OPPENHEIMER: The Great Man Biopic
Now on home video, Christopher Nolan's epic comments on a tired genre
I have a love-hate relationship with biopics. I enjoy them to some degree, but a lot of them follow a formula. A compelling performance, a thoughtful script, and some visual flair can make a biopic good. The worst kind of biopic are the ones that feel like reading a Wikipedia entry, with perfunctory nods to important events. They feel like checkboxes and feel devoid of personality or purpose beyond scoring a few awards. Christoper Nolan’s OPPENHEIMER is probably my favorite movie of the year so far, and to me feels like a refreshing take on a specific kind of biopic: the Great Man Biopic.

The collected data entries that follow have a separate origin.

lemma prob_hits_above_le:
  fixes A :: "'a \<Rightarrow> bool"
  assumes fin: "finite \<Omega>" and ne: "\<Omega> \<noteq> {}"
    and \<epsilon>: "0 < \<epsilon>" "\<epsilon> < 1" and N: "4 \<le> real N * \<epsilon>\<^sup>2"
  defines "p \<equiv> measure_pmf.prob (pmf_of_set \<Omega>) {\<omega>. A \<omega>}"
  shows "measure_pmf.prob (pmf_of_set (PiE {..<N} (\<lambda>_. \<Omega>)))
           {Qs. real N * (p + \<epsilon>) < real (card {t\<in>{..<N}. A (Qs t)})}
         \<le> p * (exp (- (real N * \<epsilon>\<^sup>2 / 4)) + 2 * exp 1 / \<epsilon> * exp (- (real N * \<epsilon> / 2)))"
    (is "measure_pmf.prob ?M {Qs. ?s < ?c Qs} \<le> p * ?K")
proof (cases "p = 0")
  case True
  then have "\<forall>\<omega>\<in>\<Omega>. \<not> A \<omega>"
    using fin ne by (auto simp: p_def measure_pmf_zero_iff)
  then have no_hits: "{t\<in>{..<N}. A (Qs t)} = {}" if "Qs \<in> PiE {..<N} (\<lambda>_. \<Omega>)" for Qs
    using that by (auto dest: PiE_mem)
  have "\<not> ?s < ?c Qs" if "Qs \<in> PiE {..<N} (\<lambda>_. \<Omega>)" for Qs
    unfolding no_hits[OF that] using True \<epsilon> by (simp add: not_less)
  then have "measure_pmf.prob ?M {Qs. ?s < ?c Qs} = 0"
    using fin ne by (auto simp: measure_pmf_zero_iff finite_PiE PiE_eq_empty_iff)
  then show ?thesis
    using True by simp
next
  case False
  have "0 \<le> p" "p \<le> 1"
    by (simp_all add: p_def)
  with False have "0 < p"
    by simp
  have "real N * \<epsilon>\<^sup>2 \<le> real N * \<epsilon>"
    using \<epsilon> by (intro mult_left_mono) (auto simp: power2_eq_square)
  then have "1 \<le> real N * \<epsilon>"
    using N by linarith
  obtain \<mu> where "0 \<le> \<mu>" and \<mu>: "exp (real N * p * (exp \<mu> - 1) - \<mu> * ?s) \<le> p * ?K"
  proof (cases "\<epsilon> \<le> 2 * p")
    case True
    have "exp (real N * p * (exp (\<epsilon> / (2 * p)) - 1) - \<epsilon> / (2 * p) * ?s)
          \<le> p * exp (- (real N * \<epsilon>\<^sup>2 / 4))"
      by (rule upper_tail_exponent_large_p[OF True \<open>p \<le> 1\<close> \<epsilon>(1) of_nat_0_le_iff N])
    also have "\<dots> \<le> p * ?K"
      using \<open>0 < p\<close> \<epsilon> by (intro mult_left_mono) auto
    finally show ?thesis
      by (rule that[rotated]) (use \<open>0 < p\<close> \<epsilon> in simp)
  next
    case False
    then obtain \<mu> where "0 \<le> \<mu>"
      and "exp (real N * p * (exp \<mu> - 1) - \<mu> * ?s) \<le> p * (2 * exp 1 / \<epsilon> * exp (- (real N * \<epsilon> / 2)))"
      using upper_tail_exponent_small_p[OF \<open>0 < p\<close> _ of_nat_0_le_iff \<open>1 \<le> real N * \<epsilon>\<close>] by auto
    moreover have "p * (2 * exp 1 / \<epsilon> * exp (- (real N * \<epsilon> / 2))) \<le> p * ?K"
      using \<open>0 < p\<close> by (intro mult_left_mono) auto
    ultimately show ?thesis
      using that by fastforce
  qed
  have "measure_pmf.prob ?M {Qs. ?s < ?c Qs} \<le> measure_pmf.prob ?M {Qs. \<mu> * ?s \<le> \<mu> * ?c Qs}"
    using \<open>0 \<le> \<mu>\<close> by (intro measure_pmf.finite_measure_mono) (auto intro: mult_left_mono)
  also have "\<dots> \<le> exp (real N * p * (exp \<mu> - 1) - \<mu> * ?s)"
    unfolding p_def by (rule chernoff_bound_hits[OF fin ne])
  finally show ?thesis
    using \<mu> by linarith
qed

lemma prob_hits_below_le:
  fixes A :: "'a \<Rightarrow> bool"
  assumes fin: "finite \<Omega>" and ne: "\<Omega> \<noteq> {}" and \<epsilon>: "0 < \<epsilon>" and N: "4 \<le> real N * \<epsilon>\<^sup>2"
  defines "p \<equiv> measure_pmf.prob (pmf_of_set \<Omega>) {\<omega>. A \<omega>}"
  shows "measure_pmf.prob (pmf_of_set (PiE {..<N} (\<lambda>_. \<Omega>)))
           {Qs. real (card {t\<in>{..<N}. A (Qs t)}) < real N * (p - \<epsilon>)}
         \<le> p * exp (- (real N * \<epsilon>\<^sup>2 / 4))"
    (is "measure_pmf.prob ?M {Qs. ?c Qs < ?s} \<le> _")
proof (cases "\<epsilon> < p")
  case True
  define m where "m = \<epsilon> / (2 * p)"
  have "0 < p" "p \<le> 1"
    using True \<epsilon> by (simp_all add: p_def)
  have "0 \<le> m"
    using \<open>0 < p\<close> \<epsilon> by (simp add: m_def)
  then have "m * ?c Qs \<le> m * ?s" if "?c Qs < ?s" for Qs
    using that by (intro mult_left_mono) simp_all
  then have "measure_pmf.prob ?M {Qs. ?c Qs < ?s} \<le> measure_pmf.prob ?M {Qs. - m * ?s \<le> - m * ?c Qs}"
    by (intro measure_pmf.finite_measure_mono) auto
  also have "\<dots> \<le> exp (real N * p * (exp (- m) - 1) - - m * ?s)"
    unfolding p_def by (rule chernoff_bound_hits[OF fin ne])
  also have "\<dots> \<le> p * exp (- (real N * \<epsilon>\<^sup>2 / 4))"
    using lower_tail_exponent[OF \<open>0 < p\<close> \<open>p \<le> 1\<close> \<epsilon> of_nat_0_le_iff N] by (simp add: m_def)
  finally show ?thesis .
next
  case False
  then have "?s \<le> 0"
    by (simp add: mult_nonneg_nonpos)
  then have "{Qs. ?c Qs < ?s} = {}"
    by (auto simp: not_less intro: order.trans)
  then show ?thesis
    by (simp add: p_def)
qed

definition deviation_bound :: "real \<Rightarrow> real \<Rightarrow> real" where
  "deviation_bound \<epsilon> N = 2 * exp (- (N * \<epsilon>\<^sup>2 / 4)) + 2 * exp 1 / \<epsilon> * exp (- (N * \<epsilon> / 2))"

The first hour of OPPENHEIMER plays like a standard biopic on overdrive. We’re introduced to so many characters in rapid succession, years fly by in seconds, and the editing is dizzying. The film features moments in Oppenheimer’s life that feel like what you might see in a more conventional movie. He gives a speech in a foreign language. He flirts with communism, and sexy communist women. He unionizes professors. The first third of the movie could be its own movie. Nolan and editor Jennifer Lame play this like a trailer. It’s a really fascinating filmmaking choice, to condense so much in a short amount of time and present in extremely brief scenes.
For me, this accomplishes two things. One, it allows for the film to slow down at Los Alamos as Oppenheimer starts to build the atom bomb. It’s all a rush getting to the middle third where we then spend Two, it feels like a satire of commentary on how some biopics feel so rushed. Movies like BOHEMIAN RHAPSODY just jump from Important Event to Important Event, often feeling like obligations more than explorations of someone’s life. They just feel like extended trailers, with no room for actually diving deep into the life.
Here, Nolan is literally giving OPPENHEIMER the trailer treatment, and I think it’s because the film is so directly from Oppenheimer’s perspective and he sees his life in short clips leading up to the greatest and most devastating era of his life. Nolan in interviews says that the color parts of the film are subjective to Oppenheimer’s POV and the black and white are objective. And the framing of the color portion present Oppenheimer as a biopic might, while in the black and white portion he is presented with distrust and skeptcism. There’s a scene in Los Alamos showing Oppenheimer putting on his hat like a superhero putting on his cape. I don’t think that is Nolan indulging in superhero motif for this guy but rather showing that Oppenheimer sees himself as the most important man in history in building this impressive but horrific device.
After the bomb goes off, Nolan depicts Oppenheimer’s guilt as what he has done has finally caught up to him. One could almost see a version of this film where the audience is expected to feel sorry for dear Oppy: maybe he had noble intentions and was betrayed by the government or didn’t really fathom the expansive repercussions. All of this would be disingenuous and quite irresponsible as a filmmaking choice. Bit it’s an easy one for filmmakers to take when tasked with a troubled protagonist.
I love the first hour of OPPENHEIMER; the whiplash editing is symphonic and exhilarating. It’s what Oppenheimer would picture as his own biopic, especially as he tries to “let himself off the hook” later in the film or at least perform guilt in a way that almost works. Nolan takes what a bad biopic looks like and takes it to the extreme with a wild first hour that comments on generic biopics about difficult but powerful men. It’s a brilliant filmmaking choice, and solidifies OPPENHEIMER as a major film of the year 2023.